BEGIN Records supplied
lemma fin_zero_set_not_retract:
  assumes "card_order r" "infinite (UNIV :: 'k set)" "(y :: 'm) \<noteq> z"
  shows "\<not> (\<exists>f. continuous_map (kappa_mu_top r) (subtopology (kappa_mu_top r) (fin_zero_set z)) f
               \<and> (\<forall>x \<in> fin_zero_set z. f x = (x :: 'k \<Rightarrow> 'm)))"
proof
  assume "\<exists>f. continuous_map (kappa_mu_top r) (subtopology (kappa_mu_top r) (fin_zero_set z)) f
               \<and> (\<forall>x \<in> fin_zero_set z. f x = x)"
  then obtain f where f: "continuous_map (kappa_mu_top r) (subtopology (kappa_mu_top r) (fin_zero_set z)) f"
    and fixed: "\<forall>x \<in> fin_zero_set z. f x = x"
    by blast
  obtain g where g_bound: "\<And>T. finite T \<Longrightarrow> T \<subseteq> underS r (g T)"
    and g_zero: "\<And>T w c. finite T \<Longrightarrow> w \<in> nbhd r (g T) (zeros_at z y T) \<Longrightarrow> c \<in> T \<Longrightarrow> f w c = z"
    using fin_zero_set_retraction_zero_bound [OF assms f fixed] by blast
  have "antisym r"
    using card_order_Linear_order [OF assms(1)] by (simp add: order_on_defs)
  then obtain \<alpha> :: "nat \<Rightarrow> 'k" where \<alpha>: "\<And>n. \<alpha> n = g (\<alpha> ` {..<n})" "inj \<alpha>"
    "\<And>n. range \<alpha> \<inter> underS r (\<alpha> n) = \<alpha> ` {..<n}"
    using increasing_sequence_from_bounds [OF _ g_bound] by blast
  let ?x = "zeros_at z y (range \<alpha>)"
  have near: "?x \<in> nbhd r (\<alpha> n) (zeros_at z y (\<alpha> ` {..<n}))" for n
  proof -
    have "b \<in> range \<alpha> \<longleftrightarrow> b \<in> \<alpha> ` {..<n}" if "b \<in> underS r (\<alpha> n)" for b
      using \<alpha>(3) [of n] that by blast
    then show ?thesis
      by (simp add: nbhd_def zeros_at_def)
  qed
  have "f ?x (\<alpha> m) = z" for m
  proof (rule g_zero)
    show "?x \<in> nbhd r (g (\<alpha> ` {..<Suc m})) (zeros_at z y (\<alpha> ` {..<Suc m}))"
      using near [of "Suc m"] by (simp only: \<alpha>(1) [of "Suc m"])
  qed auto
  then have "range \<alpha> \<subseteq> {a. f ?x a = z}"
    by auto
  moreover have "f ?x \<in> fin_zero_set z"
    using continuous_map_image_subset_topspace [OF f] by auto
  ultimately have "finite (range \<alpha>)"
    by (auto simp: fin_zero_set_def intro: finite_subset)
  with \<alpha>(2) show False
    by (simp add: finite_image_iff)
qed

theorem proposition1p4:
  fixes r :: "'k rel" and z :: 'm
  assumes "card_order r"
    and "regularCard r"
    and "\<not> countable (UNIV :: 'k set)"
    and "\<exists>y :: 'm. y \<noteq> z"
  shows "closedin (kappa_mu_top r) (fin_zero_set z :: ('k \<Rightarrow> 'm) set) \<and>
         \<not> (\<exists>f. continuous_map (kappa_mu_top r) (subtopology (kappa_mu_top r) (fin_zero_set z)) f
               \<and> (\<forall>x \<in> fin_zero_set z. f x = x))"
proof
  show "closedin (kappa_mu_top r) (fin_zero_set z :: ('k \<Rightarrow> 'm) set)"
    by (rule closedin_fin_zero_set [OF assms(1-3)])
next
  obtain y :: 'm where y: "y \<noteq> z"
    using assms(4) by blast
  have "infinite (UNIV :: 'k set)"
    using assms(3) by (auto dest: countable_finite)
  then show "\<not> (\<exists>f. continuous_map (kappa_mu_top r) (subtopology (kappa_mu_top r) (fin_zero_set z)) f
               \<and> (\<forall>x \<in> fin_zero_set z. f x = x))"
    by (rule fin_zero_set_not_retract [OF assms(1) _ y])
qed

end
END Records supplied
Find every line in the listing that has the string "UNIV", then give the count by itself.

(Expected answer): 3